CS 525M KNOWLEDGE DISCOVERY AND DATA MINING
This project is due on Thursday Nov. 15, 2001 at 1 pm.
PROJECT 4 - Inductive Logic Programming. Fall 2001
After select one of the attributes in your dataset as the target
attribute for classification,
use FOIL or a FOIL-like algorithm
to construct the best set of rules you can
for predicting that target attribute.
If your dataset is not suitable for classification, use
FOIL or the FOIL-like algorithm,
for predicting whether the income of a given person is >50K or <= 50K
from the US Census Bureau which is
available at the
Univ. of California Irvine Repository.
I have previously downloaded the dataset into the following directory:
You can access the dataset from there.
The census-income dataset contains census information for 48,842
people. It has 14 attributes for each person
and a boolean attribute class classifying the input
of the person as belonging to one of two categories >50K, <=50K.
Construct, using a FOIL-like algorithm,
the most accurate hypothesis (i.e. set of rules) you can to predict the target
attribute of dataset.
The following are guidelines to use a FOIL-like algorithm to mine your patterns:
- Code: I strongly encourage you to use a version of FOIL available online,
for instance the one available
at Quinlan's Webpage or a
more recent one if you find one.
However, you can implement your own code if you prefer.
You can restrict your experiments to a subset of the dataset if
your system cannot handle the whole dataset. But remember that the
more accurate your system is, the better.
If you use the Census-income data,
note that this dataset has missing values. It is up to you how to fill in
appropriate data for those missing values. Also, it is up to you
to decide if it's a good idea to discretize continues attributes, and if
YOU MUST USE AT LEAST THE FIRST 1000 TEST RECORDS FROM THE
IN YOUR EXPERIMENTS.
REPORT AND DUE DATE
- Written Report.
Your written report is due at 1 pm. Please leave
a hardcopy of your report in my mailbox (CS Office, FL231) by the due date/time.
Please note that my mailbox is the one BELOW the label marked with my last name RUIZ.
In the EXCEPTIONAL case that you cannot go to the CS office,
email your report to me by noon. Only under EXCEPTIONAL circumstances electronic
submissions willl be accepted.
- Code Description:
Describe the code that you used/wrote. Remember to acknowledge any sources
of information/code you used for the implementation of your system.
- Experiments: For each experiment you ran describe:
- Your system parameters.
- Instances: What data did you use for the experiments?
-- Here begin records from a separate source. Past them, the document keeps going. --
(* In the trilevel setting, let $\Omega:=\{x\in\mathrm{Fix}(W):\langle (I-T)x,y-x\rangle\ge0\ \forall y\in\mathrm{Fix}(W)\}$ be nonempty. Assume $\lim_{k\to\infty}\beta_k/\alpha_k=+\infty$, $\beta_k\to0$, $\alpha_k\to0$, $\sum_k\alpha_k=\infty$, there is $K>0$ with $\limsup_{k}\frac1{\alpha_k}\left|\frac1{\beta_k}-\frac1{\beta_{k-1}}\right|\le K$, $\limsup_{k}\frac{|\beta_k-\beta_{k-1}|+|\alpha_k-\alpha_{k-1}|}{\alpha_k\beta_k}=0$, and that the trilevel iteration sequence $\{x^k\}$ is bounded. Suppose further $(A_1)''$ $\limsup_{k\to\infty}\frac{d(x^{k+1},\mathrm{Fix}(W))}{\alpha_k}<\infty$. Then $\{x^k\}$ converges to the unique $x^*\in\Omega$ satisfying $\langle x^*-S(x^* ),x-x^*\rangle\ge0$ for all $x\in\Omega$.
   Context: Trilevel setting. Let $f_1,f_2:\mathbb R^n\to\mathbb R$ be convex and continuously differentiable with $L_{f_i}$-Lipschitz gradients, and $g_1,g_2:\mathbb R^n\to(-\infty,+\infty]$ proper, lower semicontinuous and convex; put $\phi_i=f_i+g_i$. Let $\omega:\mathbb R^n\to\mathbb R$ be $\mu$-strongly convex and continuously differentiable with $L_\omega$-Lipschitz gradient. Let $Y^*=\arg\min_{x\in\mathbb R^n}\phi_2(x)$ and $X^*=\arg\min_{x\in Y^*}\phi_1(x)$, both assumed nonempty. For a proper lsc convex $g$, $\mathrm{prox}_g(x)=\arg\min_{u}\{g(u)+\tfrac12\|u-x\|^2\}$. Fix $u\in(0,\tfrac{2}{L_\omega+\mu}]$, $t\in(0,1/L_{f_1}]$, $s\in(0,1/L_{f_2}]$ and define $S(x)=x-u\nabla\omega(x)$, $T(x)=\mathrm{prox}_{tg_1}(x-t\nabla f_1(x))$, $W(x)=\mathrm{prox}_{sg_2}(x-s\nabla f_2(x))$. Then $S$ is a contraction with constant $r=\sqrt{1-\tfrac{2u\mu L_\omega}{\mu+L_\omega}}\in[0,1)$, $T,W$ are nonexpansive, $\mathrm{Fix}(W)=Y^*$. Given $x^0\in\mathbb R^n$ and real sequences $\alpha_k,\beta_k\in(0,1)$, the trilevel iteration sequence is $x^{k+1}=\alpha_kS(x^k)+(1-\alpha_k)\beta_kT(x^k)+(1-\alpha_k)(1-\beta_k)W(x^k)$, $k\ge0$. $I$ is the identity, $d(x,A)=\inf_{a\in A}\|x-a\|$. *)

theory Defs
  imports "HOL-Analysis.Analysis"
begin

definition proper_fun :: "('a \<Rightarrow> ereal) \<Rightarrow> bool" where
  "proper_fun g \<longleftrightarrow> (\<forall>x. g x \<noteq> -\<infinity>) \<and> (\<exists>x. g x \<noteq> \<infinity>)"

definition lsc_fun :: "('a::topological_space \<Rightarrow> ereal) \<Rightarrow> bool" where
  "lsc_fun g \<longleftrightarrow> (\<forall>c. closed {x. g x \<le> c})"

definition convex_fun :: "('a::real_vector \<Rightarrow> ereal) \<Rightarrow> bool" where
  "convex_fun g \<longleftrightarrow> (\<forall>x y a. 0 \<le> a \<and> a \<le> 1 \<longrightarrow>
     g ((1 - a) *\<^sub>R x + a *\<^sub>R y) \<le> ereal (1 - a) * g x + ereal a * g y)"

definition strongly_convex :: "real \<Rightarrow> ('a::real_normed_vector \<Rightarrow> real) \<Rightarrow> bool" where
  "strongly_convex \<mu> w \<longleftrightarrow> (\<forall>x y a. 0 \<le> a \<and> a \<le> 1 \<longrightarrow>
     w ((1 - a) *\<^sub>R x + a *\<^sub>R y) \<le> (1 - a) * w x + a * w y
        - \<mu> / 2 * a * (1 - a) * (norm (x - y))\<^sup>2)"

definition is_gradient :: "('a::real_inner \<Rightarrow> real) \<Rightarrow> ('a \<Rightarrow> 'a) \<Rightarrow> bool" where
  "is_gradient f gf \<longleftrightarrow> (\<forall>x. (f has_derivative (\<lambda>h. gf x \<bullet> h)) (at x))"

definition prox :: "('a::real_normed_vector \<Rightarrow> ereal) \<Rightarrow> 'a \<Rightarrow> 'a" where
  "prox g x = (THE p. \<forall>v. g p + ereal ((norm (p - x))\<^sup>2 / 2) \<le> g v + ereal ((norm (v - x))\<^sup>2 / 2))"

definition fb_step :: "real \<Rightarrow> ('a::real_normed_vector \<Rightarrow> ereal) \<Rightarrow> ('a \<Rightarrow> 'a) \<Rightarrow> 'a \<Rightarrow> 'a" where
  "fb_step c g gf x = prox (\<lambda>v. ereal c * g v) (x - c *\<^sub>R gf x)"

definition Fix :: "('a \<Rightarrow> 'a) \<Rightarrow> 'a set" where
  "Fix F = {x. F x = x}"

end

theory Submission
  imports Defs
begin

text \<open>
  \<open>S\<close> is a contraction because the gradient of a strongly convex function with Lipschitz gradient
  is both strongly monotone and cocoercive (Baillon--Haddad); \<open>T\<close> and \<open>W\<close> are nonexpansive because
  gradient steps of length at most \<open>2/L\<close> are nonexpansive and proximal maps are firmly
  nonexpansive. By Minty's lemma \<open>\<Omega>\<close> is closed and convex, so the variational inequality
  defined by \<open>I - S\<close> on \<open>\<Omega>\<close> has a unique solution \<open>x\<^sup>*\<close>, the fixed point of \<open>P\<^sub>\<Omega> \<circ> S\<close>.

  For the iterates, the conditions on the steps make Xu's lemma applicable to
  \<open>\<parallel>x\<^sup>k\<^sup>+\<^sup>1 - x\<^sup>k\<parallel> / \<beta>\<^sub>k\<close>, which therefore tends to \<open>0\<close>. Since moreover \<open>\<alpha>\<^sub>k / \<beta>\<^sub>k \<rightarrow> 0\<close> and
  \<open>d(x\<^sup>k\<^sup>+\<^sup>1, Fix W) = O(\<alpha>\<^sub>k)\<close>, every cluster point of the bounded sequence lies in \<open>\<Omega>\<close>, whence
  \<open>limsup \<langle>S x\<^sup>* - x\<^sup>*, x\<^sup>k - x\<^sup>*\<rangle> \<le> 0\<close>. A second application of Xu's lemma, now to
  \<open>\<parallel>x\<^sup>k - x\<^sup>*\<parallel>\<^sup>2\<close> with contraction factor \<open>1 - \<alpha>\<^sub>k (1 - r)\<close>, gives \<open>x\<^sup>k \<rightarrow> x\<^sup>*\<close>.
\<close>

section \<open>Nonexpansive maps and variational inequalities\<close>

definition nonexpansive :: "('a::real_normed_vector \<Rightarrow> 'a) \<Rightarrow> bool" where
  "nonexpansive T \<longleftrightarrow> (\<forall>a b. norm (T a - T b) \<le> norm (a - b))"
- Any pre or post processing done to improve the accuracy of your results.
- Accuracy of the resulting rules.
- Summary of Results
- What was the accuracy of the most accurate set of rules
- Discuss how this accuracy compares with that of your
most accurate results from the previous assignments.
- Include the most accurate set of rules you obtained in your
- Discuss the strengths and the weaknesses of your project.
- Oral Report.
We will discuss the results from the individual projects during the class
on November 15th.
Be ready to show your results
and to discuss your project solution in class.
PREPARE OVERHEAD TRANSPARENCIES SHOWING YOUR WORK.